■ Problem statement ■
From the line holding "bool) \<Rightarrow> (nat \<Rightarrow> bool)" to the final line of the entries, set down each line exactly, including both, and nothing more.

(Items listed in a dataset)
(* Let $d\ge 1$, let $1<s<2^d$ with $s=j\cdot 2^k$, $j$ odd, $k\ge 0$. For $t\ge 0$ set $\lambda_t=\lambda^*(d+t,2^t s)$ and $c_t=\frac12-\frac{2^{d-k}-1}{2^{d+t+1}-1}$. Then for every $t\ge 0$, $\lambda_t\le \frac12+c_t\lambda_{t+1}$. More precisely, for every $n\ge d+t+1$ and every $A\subseteq\mathbb{F}_2^n$, \[\lambda^*(n,d+t,2^t s,A)\le \frac12+c_t\,\lambda^*(n,d+t+1,2^{t+1}s,A).\]
   Context: For integers $n\ge d\ge 1$, a $d$-flat in $\mathbb{F}_2^n$ is a set $x_0+U$ with $x_0\in\mathbb{F}_2^n$ and $U$ a $d$-dimensional linear subspace of $\mathbb{F}_2^n$. For $A\subseteq\mathbb{F}_2^n$ and an integer $0\le s\le 2^d$, $\lambda^*(n,d,s,A)$ denotes the fraction of $d$-flats $Q$ in $\mathbb{F}_2^n$ with $|Q\cap A|=s$. Let $\lambda^*(n,d,s)=\max_{A}\lambda^*(n,d,s,A)$ and $\lambda^*(d,s)=\lim_{n\to\infty}\lambda^*(n,d,s)$. *)

theory Defs
  imports Complex_Main
begin

text \<open>Vectors of F_2^n are represented as functions nat => bool vanishing from index n on;
  addition is coordinatewise exclusive or.\<close>

definition F2n :: "nat \<Rightarrow> (nat \<Rightarrow> bool) set" where
  "F2n n = {v. \<forall>i\<ge>n. \<not> v i}"

definition vadd :: "(nat \<Rightarrow> bool) \<Rightarrow> (nat \<Rightarrow> bool) \<Rightarrow> (nat \<Rightarrow> bool)" where
  "vadd v w = (\<lambda>i. v i \<noteq> w i)"

text \<open>F_2-linear combinations of a finite set of vectors (coefficients in F_2 = choice of a subset).\<close>
definition vsum :: "(nat \<Rightarrow> bool) set \<Rightarrow> (nat \<Rightarrow> bool)" where
  "vsum S = (\<lambda>i. odd (card {v\<in>S. v i}))"

definition span2 :: "(nat \<Rightarrow> bool) set \<Rightarrow> (nat \<Rightarrow> bool) set" where
  "span2 B = vsum ` Pow B"

definition lin_indep2 :: "(nat \<Rightarrow> bool) set \<Rightarrow> bool" where
  "lin_indep2 B \<longleftrightarrow> finite B \<and> inj_on vsum (Pow B)"

definition subspace_dim :: "nat \<Rightarrow> nat \<Rightarrow> (nat \<Rightarrow> bool) set \<Rightarrow> bool" where
  "subspace_dim n d U \<longleftrightarrow>
     (\<exists>B. B \<subseteq> F2n n \<and> lin_indep2 B \<and> card B = d \<and> U = span2 B)"

definition flats :: "nat \<Rightarrow> nat \<Rightarrow> (nat \<Rightarrow> bool) set set" where
  "flats n d = {Q. \<exists>x0 U. x0 \<in> F2n n \<and> subspace_dim n d U \<and> Q = vadd x0 ` U}"

definition lam :: "nat \<Rightarrow> nat \<Rightarrow> nat \<Rightarrow> (nat \<Rightarrow> bool) set \<Rightarrow> real" where
  "lam n d s A = real (card {Q \<in> flats n d. card (Q \<inter> A) = s}) / real (card (flats n d))"

definition lamN :: "nat \<Rightarrow> nat \<Rightarrow> nat \<Rightarrow> real" where
  "lamN n d s = Max ((\<lambda>A. lam n d s A) ` Pow (F2n n))"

■ Finished task ■
definition vadd :: "(nat \<Rightarrow> bool) \<Rightarrow> (nat \<Rightarrow> bool) \<Rightarrow> (nat \<Rightarrow> bool)" where
  "vadd v w = (\<lambda>i. v i \<noteq> w i)"

text \<open>F_2-linear combinations of a finite set of vectors (coefficients in F_2 = choice of a subset).\<close>
definition vsum :: "(nat \<Rightarrow> bool) set \<Rightarrow> (nat \<Rightarrow> bool)" where
  "vsum S = (\<lambda>i. odd (card {v\<in>S. v i}))"

definition span2 :: "(nat \<Rightarrow> bool) set \<Rightarrow> (nat \<Rightarrow> bool) set" where
  "span2 B = vsum ` Pow B"

definition lin_indep2 :: "(nat \<Rightarrow> bool) set \<Rightarrow> bool" where
  "lin_indep2 B \<longleftrightarrow> finite B \<and> inj_on vsum (Pow B)"

definition subspace_dim :: "nat \<Rightarrow> nat \<Rightarrow> (nat \<Rightarrow> bool) set \<Rightarrow> bool" where
  "subspace_dim n d U \<longleftrightarrow>
     (\<exists>B. B \<subseteq> F2n n \<and> lin_indep2 B \<and> card B = d \<and> U = span2 B)"

definition flats :: "nat \<Rightarrow> nat \<Rightarrow> (nat \<Rightarrow> bool) set set" where
  "flats n d = {Q. \<exists>x0 U. x0 \<in> F2n n \<and> subspace_dim n d U \<and> Q = vadd x0 ` U}"

definition lam :: "nat \<Rightarrow> nat \<Rightarrow> nat \<Rightarrow> (nat \<Rightarrow> bool) set \<Rightarrow> real" where
  "lam n d s A = real (card {Q \<in> flats n d. card (Q \<inter> A) = s}) / real (card (flats n d))"

definition lamN :: "nat \<Rightarrow> nat \<Rightarrow> nat \<Rightarrow> real" where
  "lamN n d s = Max ((\<lambda>A. lam n d s A) ` Pow (F2n n))"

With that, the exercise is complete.